With the lower canopy in position, I dropped the detailed crew compartment into place:
Then I threaded through my gunsight wire, and closed the upper canopy:
There’s a little bit of filling and tidying to do at the wing root, you’ll see, but otherwise it came together nicely.
This is the classic asymmetrical aircraft designed by Richard Vogt for the Blohm & Voss company. It was intended for short-range reconnaissance and ground support. Eight version “A” aircraft were built, followed by a run of the “B” version, probably around twenty in number, though records are hazy and the final disposition of many aircraft unknown. Production was cancelled before it entered active service—not because it was particularly unairworthy, but because of competition for the scarce BMW 801A engine. It ultimately lost out to the twin-engined Fw 189.
The kit provides parts for the “B” version, and decals and painting instructions for two airframes—call-sign NC+RA (pictured on the box art above) which was one of the test aircraft for the “B” series; and GK+GH, a wrecked late model photographed by Allied troops at Blohm & Voss’s Wenzendorf factory.

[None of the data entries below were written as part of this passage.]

lemma ctrace_rank_one:
  assumes u: "u \<in> hom \<emptyset> W" and v: "v \<in> hom W \<emptyset>"
  shows "ctrace C W (u \<cdot> v) = v \<cdot> u"
proof -
  let ?D = "c_dual C W" and ?e = "c_evl C W" and ?c = "c_coev C W"
  have e: "?e \<in> hom (?D \<otimes>\<^sub>o W) \<emptyset>" and c: "?c \<in> hom \<emptyset> (W \<otimes>\<^sub>o ?D)"
    by (rule evl_closed coev_closed)+
  have uD: "u \<otimes> idm ?D \<in> hom ?D (W \<otimes>\<^sub>o ?D)" and vD: "v \<otimes> idm ?D \<in> hom (W \<otimes>\<^sub>o ?D) ?D"
    using mtens_closed[OF u id_closed[of ?D]] mtens_closed[OF v id_closed[of ?D]] by simp_all
  have Du: "idm ?D \<otimes> u \<in> hom ?D (?D \<otimes>\<^sub>o W)"
    using mtens_closed[OF id_closed[of ?D] u] by simp
  have DWu: "idm (W \<otimes>\<^sub>o ?D) \<otimes> u \<in> hom (W \<otimes>\<^sub>o ?D) (W \<otimes>\<^sub>o ?D \<otimes>\<^sub>o W)"
    using mtens_closed[OF id_closed[of "W \<otimes>\<^sub>o ?D"] u] by (simp add: otens_assoc)
  have vDW: "v \<otimes> idm (?D \<otimes>\<^sub>o W) \<in> hom (W \<otimes>\<^sub>o ?D \<otimes>\<^sub>o W) (?D \<otimes>\<^sub>o W)"
    using mtens_closed[OF v id_closed] by simp
  have cW: "?c \<otimes> idm W \<in> hom W (W \<otimes>\<^sub>o ?D \<otimes>\<^sub>o W)"
    using mtens_closed[OF c id_closed[of W]] by (simp add: otens_assoc)
  have We: "idm W \<otimes> ?e \<in> hom (W \<otimes>\<^sub>o ?D \<otimes>\<^sub>o W) W"
    using mtens_closed[OF id_closed[of W] e] by simp
  have braid_u: "c_braid C W ?D \<cdot> (u \<otimes> idm ?D) = idm ?D \<otimes> u"
    using braid_natural[OF u id_closed[of ?D]] braid_unit_left id_right[OF Du] by simp
  have "ctrace C W (u \<cdot> v) = ?e \<cdot> (c_braid C W ?D \<cdot> (u \<otimes> idm ?D)) \<cdot> (v \<otimes> idm ?D) \<cdot> ?c"
    unfolding ctrace_def comp_mtens_id[OF v u]
    using comp_assoc[OF c vD uD] comp_assoc[OF comp_closed[OF c vD] uD braid_closed] by simp
  also have "\<dots> = ?e \<cdot> (v \<otimes> (idm ?D \<otimes> u)) \<cdot> ?c"
    using braid_u mtens_eq_comp_right[OF v Du] mtens_unit_left[OF Du] comp_assoc[OF c vD Du]
    by simp
  also have "\<dots> = (?e \<cdot> (v \<otimes> idm (?D \<otimes>\<^sub>o W))) \<cdot> (idm (W \<otimes>\<^sub>o ?D) \<otimes> u) \<cdot> ?c"
    using mtens_eq_comp_middle[OF v u] comp_assoc[OF c DWu vDW]
      comp_assoc[OF comp_closed[OF c DWu] vDW e] by simp
  also have "\<dots> = (v \<cdot> (idm W \<otimes> ?e)) \<cdot> (?c \<otimes> idm W) \<cdot> u"
    using mtens_exchange_to_unit[OF v e] mtens_exchange_from_unit[OF c u] by simp
  also have "\<dots> = v \<cdot> ((idm W \<otimes> ?e) \<cdot> (?c \<otimes> idm W)) \<cdot> u"
    using comp_assoc[OF u cW We] comp_assoc[OF comp_closed[OF u cW] We v] by simp
  also have "\<dots> = v \<cdot> u" using zigzag1[of W] id_left[OF u] by simp
  finally show ?thesis .
qed

definition hom_linear :: "'o \<Rightarrow> 'o \<Rightarrow> ('m \<Rightarrow> 'k) \<Rightarrow> bool" where
  "hom_linear A B \<phi> \<longleftrightarrow>
     (\<forall>f \<in> hom A B. \<forall>g \<in> hom A B. \<phi> (c_add C f g) = \<phi> f + \<phi> g) \<and>
     (\<forall>f \<in> hom A B. \<forall>c. \<phi> (c_smul C c f) = c * \<phi> f)"

lemma ev_linear_iff_hom_linear: "ev_linear C ev \<longleftrightarrow> hom_linear \<emptyset> \<emptyset> ev"
  by (simp add: ev_linear_def hom_linear_def)

lemma hom_linear_add:
  "hom_linear A B \<phi> \<Longrightarrow> f \<in> hom A B \<Longrightarrow> g \<in> hom A B \<Longrightarrow> \<phi> (c_add C f g) = \<phi> f + \<phi> g"
  by (simp add: hom_linear_def)

lemma hom_linear_smul: "hom_linear A B \<phi> \<Longrightarrow> f \<in> hom A B \<Longrightarrow> \<phi> (c_smul C c f) = c * \<phi> f"
  by (simp add: hom_linear_def)

lemma hom_linear_zero:
  assumes "hom_linear A B \<phi>"
  shows "\<phi> (c_zero C A B) = 0"
  using hom_linear_add[OF assms zero_closed zero_closed] add_zero[OF zero_closed] by simp

lemma mdiff_closed: "f \<in> hom A B \<Longrightarrow> g \<in> hom A B \<Longrightarrow> mdiff C f g \<in> hom A B"
  by (simp add: mdiff_def add_closed smul_closed)

lemma hom_linear_mdiff:
  assumes "hom_linear A B \<phi>" "f \<in> hom A B" "g \<in> hom A B"
  shows "\<phi> (mdiff C f g) = \<phi> f - \<phi> g"
  using assms by (simp add: mdiff_def hom_linear_add hom_linear_smul smul_closed)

I’m building NC+RA, using the kit decals but ignoring the painting instructions. Hobby Boss call for a dark grey interior, which would be odd for a Luftwaffe aircraft that first flew in the middle of 1941, so I’ve opted for RLM 02 Grau (a sort of greeny-grey shade), which would be typical for this period of the war. The dark grey RLM 66 Schwarzgrau corresponding to the Hobby Boss instructions wasn’t generally introduced until November 1941. The instructions also call for an upper splinter camouflage pattern of RLM 02 and RLM 71 Dunkelgrün, which would show a fairly high contrast between the pale and dark colours. But I don’t see that in the black-and-white photographs of the real aircraft, on which the upper camouflage colours are almost indistinguishable. So I’m going with the more standard mix of RLM 70/71, which are a dark green and an even darker green.
There’s one big problem with the kit, which is that its propeller is mirror-reversed—that is, it’s designed to rotate in the wrong direction. That’s a fairly significant error in any aircraft model, but for one that is grossly asymmetrical in order to counteract the torque from the engine and propeller, it’s a disaster. Fortunately, True Details make a replacement propeller, which is an essential after-market replacement for this kit. Here’s the True Details prop (left) compared to the kit prop.
Although Hobby Boss provide a good level of detail, I’m also using Eduard’s photoetch detail set, which has unfortunately been discontinued since I obtained mine. Another prerequisite for this kit, if you want to retain your sanity, is a paint-mask set for that huge glasshouse of a crew compartment. Montex produce a set of masks for the interior and exterior. Eduard make a set of exterior masks. I hate working with Montex masks, which I find too thick and intolerant of repositioning, but I really wanted to paint this canopy inside and out, so I ended up springing for both Montex (as the only interior option) and Eduard (as my preferred option, for the exterior).
Here are the transparent crew-compartment parts with their Montex masks in position:
I partially assembled some of the interior parts, including a fair number of Eduard’s PE details, before applying primer:
Eduard provides a bomb-sight which attaches to the right side of the central tunnel at the front of the aircraft (covering one of the paired cannons), but there’s no way in which it can placed so that it’s actually centred on one of the floor windows, so I had to carve it up a little.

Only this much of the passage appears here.